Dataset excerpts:
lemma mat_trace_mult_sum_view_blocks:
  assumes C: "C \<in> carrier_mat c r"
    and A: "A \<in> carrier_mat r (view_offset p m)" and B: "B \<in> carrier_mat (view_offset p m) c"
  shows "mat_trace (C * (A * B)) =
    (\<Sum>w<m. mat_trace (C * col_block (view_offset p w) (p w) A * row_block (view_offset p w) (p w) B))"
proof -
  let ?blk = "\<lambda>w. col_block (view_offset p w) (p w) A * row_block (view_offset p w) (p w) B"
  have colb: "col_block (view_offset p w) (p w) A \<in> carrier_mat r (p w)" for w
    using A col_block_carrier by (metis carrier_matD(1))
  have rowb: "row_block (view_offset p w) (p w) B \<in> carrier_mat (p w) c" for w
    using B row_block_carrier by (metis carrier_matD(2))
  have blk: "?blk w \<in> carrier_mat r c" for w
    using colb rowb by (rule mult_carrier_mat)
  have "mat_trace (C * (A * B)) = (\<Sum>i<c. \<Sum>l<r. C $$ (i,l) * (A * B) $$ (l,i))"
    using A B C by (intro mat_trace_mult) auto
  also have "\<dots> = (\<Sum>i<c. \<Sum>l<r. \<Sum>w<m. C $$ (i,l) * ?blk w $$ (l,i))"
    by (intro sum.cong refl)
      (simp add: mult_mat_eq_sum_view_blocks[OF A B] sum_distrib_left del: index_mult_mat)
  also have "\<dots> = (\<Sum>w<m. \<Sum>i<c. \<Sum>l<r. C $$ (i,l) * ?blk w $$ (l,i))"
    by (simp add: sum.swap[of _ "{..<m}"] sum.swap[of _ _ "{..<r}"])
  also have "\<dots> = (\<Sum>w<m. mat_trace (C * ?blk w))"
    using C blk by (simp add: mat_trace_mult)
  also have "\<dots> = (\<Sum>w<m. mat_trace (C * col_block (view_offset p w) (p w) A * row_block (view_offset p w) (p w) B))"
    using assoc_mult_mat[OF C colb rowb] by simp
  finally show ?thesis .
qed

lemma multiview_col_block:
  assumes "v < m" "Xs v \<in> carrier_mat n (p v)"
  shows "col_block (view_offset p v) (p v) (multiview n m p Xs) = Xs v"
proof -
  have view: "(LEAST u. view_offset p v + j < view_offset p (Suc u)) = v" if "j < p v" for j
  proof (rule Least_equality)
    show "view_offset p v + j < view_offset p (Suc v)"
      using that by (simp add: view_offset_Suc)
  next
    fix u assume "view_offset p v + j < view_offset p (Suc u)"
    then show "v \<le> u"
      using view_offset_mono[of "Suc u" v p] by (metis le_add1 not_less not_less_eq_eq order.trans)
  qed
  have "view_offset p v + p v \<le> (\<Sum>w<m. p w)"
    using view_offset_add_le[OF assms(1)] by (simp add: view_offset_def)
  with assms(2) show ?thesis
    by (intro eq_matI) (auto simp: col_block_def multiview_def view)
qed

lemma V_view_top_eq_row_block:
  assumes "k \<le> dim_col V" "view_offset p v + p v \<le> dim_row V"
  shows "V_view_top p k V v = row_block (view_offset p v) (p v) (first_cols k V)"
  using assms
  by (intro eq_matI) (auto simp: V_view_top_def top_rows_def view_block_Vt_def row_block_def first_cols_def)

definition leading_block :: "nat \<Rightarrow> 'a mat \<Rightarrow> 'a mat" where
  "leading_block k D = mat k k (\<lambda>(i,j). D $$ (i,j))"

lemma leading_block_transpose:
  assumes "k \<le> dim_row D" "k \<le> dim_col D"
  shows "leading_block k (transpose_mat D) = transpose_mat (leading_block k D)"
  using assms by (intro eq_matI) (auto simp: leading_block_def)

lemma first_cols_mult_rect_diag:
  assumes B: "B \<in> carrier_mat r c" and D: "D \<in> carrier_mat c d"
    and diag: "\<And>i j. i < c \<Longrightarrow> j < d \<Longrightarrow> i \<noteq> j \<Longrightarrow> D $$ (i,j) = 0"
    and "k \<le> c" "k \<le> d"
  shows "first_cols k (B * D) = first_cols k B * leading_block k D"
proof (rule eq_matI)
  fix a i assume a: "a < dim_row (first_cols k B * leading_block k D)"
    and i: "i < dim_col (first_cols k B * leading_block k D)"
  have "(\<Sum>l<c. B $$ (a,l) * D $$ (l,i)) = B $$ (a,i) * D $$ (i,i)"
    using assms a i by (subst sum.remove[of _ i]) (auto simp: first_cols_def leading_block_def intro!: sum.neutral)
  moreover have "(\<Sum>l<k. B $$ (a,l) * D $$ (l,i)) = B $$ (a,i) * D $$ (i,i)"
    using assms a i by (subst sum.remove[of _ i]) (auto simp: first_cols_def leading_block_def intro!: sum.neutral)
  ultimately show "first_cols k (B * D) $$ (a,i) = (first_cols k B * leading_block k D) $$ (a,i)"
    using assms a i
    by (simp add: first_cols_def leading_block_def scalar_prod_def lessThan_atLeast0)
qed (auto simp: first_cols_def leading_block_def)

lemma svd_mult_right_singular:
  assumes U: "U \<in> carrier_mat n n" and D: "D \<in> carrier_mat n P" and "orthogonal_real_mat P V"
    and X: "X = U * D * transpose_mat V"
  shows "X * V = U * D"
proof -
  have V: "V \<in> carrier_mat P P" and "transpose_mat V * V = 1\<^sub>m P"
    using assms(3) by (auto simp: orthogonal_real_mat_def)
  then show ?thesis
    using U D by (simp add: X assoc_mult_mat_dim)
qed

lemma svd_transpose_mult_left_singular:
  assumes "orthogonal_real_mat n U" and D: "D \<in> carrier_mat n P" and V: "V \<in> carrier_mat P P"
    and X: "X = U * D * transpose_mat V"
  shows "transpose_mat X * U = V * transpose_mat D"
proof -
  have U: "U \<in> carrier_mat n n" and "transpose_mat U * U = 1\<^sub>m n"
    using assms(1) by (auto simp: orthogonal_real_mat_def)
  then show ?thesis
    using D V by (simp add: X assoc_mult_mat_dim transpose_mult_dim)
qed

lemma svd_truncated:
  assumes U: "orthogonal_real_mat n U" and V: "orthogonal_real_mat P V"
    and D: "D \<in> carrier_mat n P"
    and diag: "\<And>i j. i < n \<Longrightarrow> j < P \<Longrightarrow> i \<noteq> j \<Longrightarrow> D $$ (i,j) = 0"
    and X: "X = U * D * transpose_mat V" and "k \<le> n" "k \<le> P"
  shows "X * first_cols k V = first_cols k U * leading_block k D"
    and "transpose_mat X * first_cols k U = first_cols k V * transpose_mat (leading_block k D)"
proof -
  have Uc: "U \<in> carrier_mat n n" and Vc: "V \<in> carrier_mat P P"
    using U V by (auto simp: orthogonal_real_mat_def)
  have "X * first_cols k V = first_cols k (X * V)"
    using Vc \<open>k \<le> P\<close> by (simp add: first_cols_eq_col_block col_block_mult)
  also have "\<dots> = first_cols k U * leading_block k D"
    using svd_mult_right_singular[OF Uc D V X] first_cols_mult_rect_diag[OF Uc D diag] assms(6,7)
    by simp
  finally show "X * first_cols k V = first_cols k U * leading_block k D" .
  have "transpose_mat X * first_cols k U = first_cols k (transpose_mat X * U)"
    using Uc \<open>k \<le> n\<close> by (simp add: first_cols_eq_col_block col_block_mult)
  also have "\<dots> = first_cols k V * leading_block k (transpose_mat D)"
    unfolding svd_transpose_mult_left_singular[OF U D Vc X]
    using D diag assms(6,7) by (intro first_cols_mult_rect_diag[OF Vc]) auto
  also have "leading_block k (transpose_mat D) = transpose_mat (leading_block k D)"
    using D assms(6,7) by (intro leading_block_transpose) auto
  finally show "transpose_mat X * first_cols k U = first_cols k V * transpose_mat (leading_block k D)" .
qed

> **Directions for this task**:
Please return only the lines above, starting at the line that has "using A B C" and ending at the line that has "using assoc_mult_mat[OF C", keeping both and leaving each one unchanged.

> **Exercise result**:
    using A B C by (intro mat_trace_mult) auto
  also have "\<dots> = (\<Sum>i<c. \<Sum>l<r. \<Sum>w<m. C $$ (i,l) * ?blk w $$ (l,i))"
    by (intro sum.cong refl)
      (simp add: mult_mat_eq_sum_view_blocks[OF A B] sum_distrib_left del: index_mult_mat)
  also have "\<dots> = (\<Sum>w<m. \<Sum>i<c. \<Sum>l<r. C $$ (i,l) * ?blk w $$ (l,i))"
    by (simp add: sum.swap[of _ "{..<m}"] sum.swap[of _ _ "{..<r}"])
  also have "\<dots> = (\<Sum>w<m. mat_trace (C * ?blk w))"
    using C blk by (simp add: mat_trace_mult)
  also have "\<dots> = (\<Sum>w<m. mat_trace (C * col_block (view_offset p w) (p w) A * row_block (view_offset p w) (p w) B))"
    using assoc_mult_mat[OF C colb rowb] by simp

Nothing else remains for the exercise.